Compilation album by Boy George
- Released: March 1989 (US)
- Recorded: 1988
- Genre: Pop-soul; new jack swing;
- Length: 51:32
- Label: Virgin
- Producer: Gene Griffin; Bobby Z.; Mike Pela; Boy George;

Boy George chronology
| Boyfriend (1988) | High Hat (1989) | The Martyr Mantras (1991) |

= High Hat (Boy George album) =

High Hat is a 1989 album compiling tracks from Boy George's second and third UK and European solo albums, Tense Nervous Headache and Boyfriend.

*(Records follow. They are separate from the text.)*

section \<open>Convergence under the PL condition\<close>

lemma unrolled_contraction_le:
  fixes \<rho> a C :: real
  assumes S: "0 < S" and \<rho>: "0 < \<rho>" "real S * \<rho> \<le> 1" and a: "0 \<le> a" and C: "0 \<le> C"
  shows "(1 - real S * \<rho>) ^ T * a + C * (\<Sum>k<T. (1 - real S * \<rho>) ^ k)
    \<le> (1 - \<rho>) ^ (S * T) * a + C / (real S * \<rho>)"
proof -
  let ?q = "1 - real S * \<rho>"
  have q: "0 \<le> ?q" "?q < 1"
    using S \<rho> by auto
  have "\<rho> \<le> real S * \<rho>"
    using S \<rho> by (simp add: mult_le_cancel_right1)
  then have "- \<rho> \<ge> -1"
    using \<rho> by linarith
  then have "?q \<le> (1 - \<rho>) ^ S"
    using Bernoulli_inequality[of "- \<rho>" S] by simp
  then have "?q ^ T \<le> (1 - \<rho>) ^ (S * T)"
    unfolding power_mult using q by (intro power_mono)
  then have "?q ^ T * a \<le> (1 - \<rho>) ^ (S * T) * a"
    using a by (rule mult_right_mono)
  moreover have "(\<Sum>k<T. ?q ^ k) \<le> 1 / (real S * \<rho>)"
  proof -
    have "(\<Sum>k<T. ?q ^ k) = (1 - ?q ^ T) / (real S * \<rho>)"
      using sum_gp_strict[of ?q T] S \<rho> by simp
    also have "\<dots> \<le> 1 / (real S * \<rho>)"
      using q S \<rho> by (intro divide_right_mono) auto
    finally show ?thesis .
  qed
  then have "C * (\<Sum>k<T. ?q ^ k) \<le> C / (real S * \<rho>)"
    using mult_left_mono[OF _ C] by (simp add: divide_inverse)
  ultimately show ?thesis
    by linarith
qed

locale pl_smooth_sgd =
  fixes X :: "'b measure" and gf :: "'a::euclidean_space \<Rightarrow> 'b \<Rightarrow> 'a"
    and F :: "'a \<Rightarrow> real" and gF :: "'a \<Rightarrow> 'a"
    and \<alpha> \<beta> V Fstar \<eta> :: real and S T :: nat and w0 :: 'a
  assumes X: "prob_space X"
    and gf_meas: "(\<lambda>(w, x). gf w x) \<in> borel_measurable (borel \<Otimes>\<^sub>M X)"
    and gf_int: "\<And>w. integrable X (gf w)"
    and unbiased: "\<And>w. (\<integral> x. gf w x \<partial>X) = gF w"
    and bounded_var: "\<And>w. sigma_g2 X gf w \<le> ennreal V"
    and F_diff: "\<And>w. (F has_derivative (\<lambda>h. gF w \<bullet> h)) (at w)"
    and smooth: "\<And>w w'. norm (gF w - gF w') \<le> \<beta> * norm (w - w')"
    and PL: "\<And>w. F w - Fstar \<le> 1 / (2 * \<alpha>) * (norm (gF w))\<^sup>2"
    and Fstar_le: "\<And>w. Fstar \<le> F w"
    and \<alpha>_pos: "\<alpha> > 0" and \<beta>_pos: "\<beta> > 0" and V_nonneg: "V \<ge> 0"
    and S_pos: "S > 0" and \<eta>_pos: "\<eta> > 0" and \<eta>_bound: "\<eta> < 2 / (real S * \<beta>)"
begin

definition "\<rho> = \<eta> * \<alpha> * (2 - real S * \<eta> * \<beta>)"

definition "step_noise = \<beta> * real S * \<eta>\<^sup>2 * V / 2"

abbreviation "iterate \<omega> t \<equiv> scaled_sgd gf S (\<lambda>_. real S * \<eta>) w0 \<omega> t"

definition "expected_gap t = (\<integral>\<^sup>+\<omega>. ennreal (F (iterate \<omega> t) - Fstar) \<partial>batches T S X)"

lemma step_size_bound: "real S * \<eta> * \<beta> < 2"
  using \<eta>_bound S_pos \<beta>_pos by (simp add: field_simps)

lemma \<rho>_pos: "0 < \<rho>"
  unfolding \<rho>_def using \<eta>_pos \<alpha>_pos step_size_bound by simp

lemma step_noise_nonneg: "0 \<le> step_noise"
  unfolding step_noise_def using \<beta>_pos V_nonneg by simp

lemma step_size_denominators: "0 < 2 - \<eta> * \<beta>" "0 < 2 - real S * \<eta> * \<beta>"
proof -
  have "\<eta> * \<beta> \<le> real S * \<eta> * \<beta>"
    using S_pos \<eta>_pos \<beta>_pos by simp
  then show "0 < 2 - \<eta> * \<beta>" "0 < 2 - real S * \<eta> * \<beta>"
    using step_size_bound by linarith+
qed

lemma \<rho>_eq_gamma_div_xi:
  "\<rho> = \<eta> * \<alpha> * (2 - \<eta> * \<beta>) / ((2 - \<eta> * \<beta>) / (2 - real S * \<eta> * \<beta>))"
  using step_size_denominators by (simp add: \<rho>_def)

==Production and release==
Since neither Tense Nervous Headache or Boyfriend are any longer available, High Hat remains the only place to find any of Boy George's songs from 1988 to 1989. While High Hat has only ten tracks, the two other albums together included eighteen tracks: nine on the vinyl and twelve on the CD and cassette for Tense Nervous Headache; plus eight for Boyfriend, one of which (the hi-energy remix of "No Clause 28", also known as "Pascal Gabriel Mix") would later re-surface on Jesus Loves You's The Martyr Mantras album.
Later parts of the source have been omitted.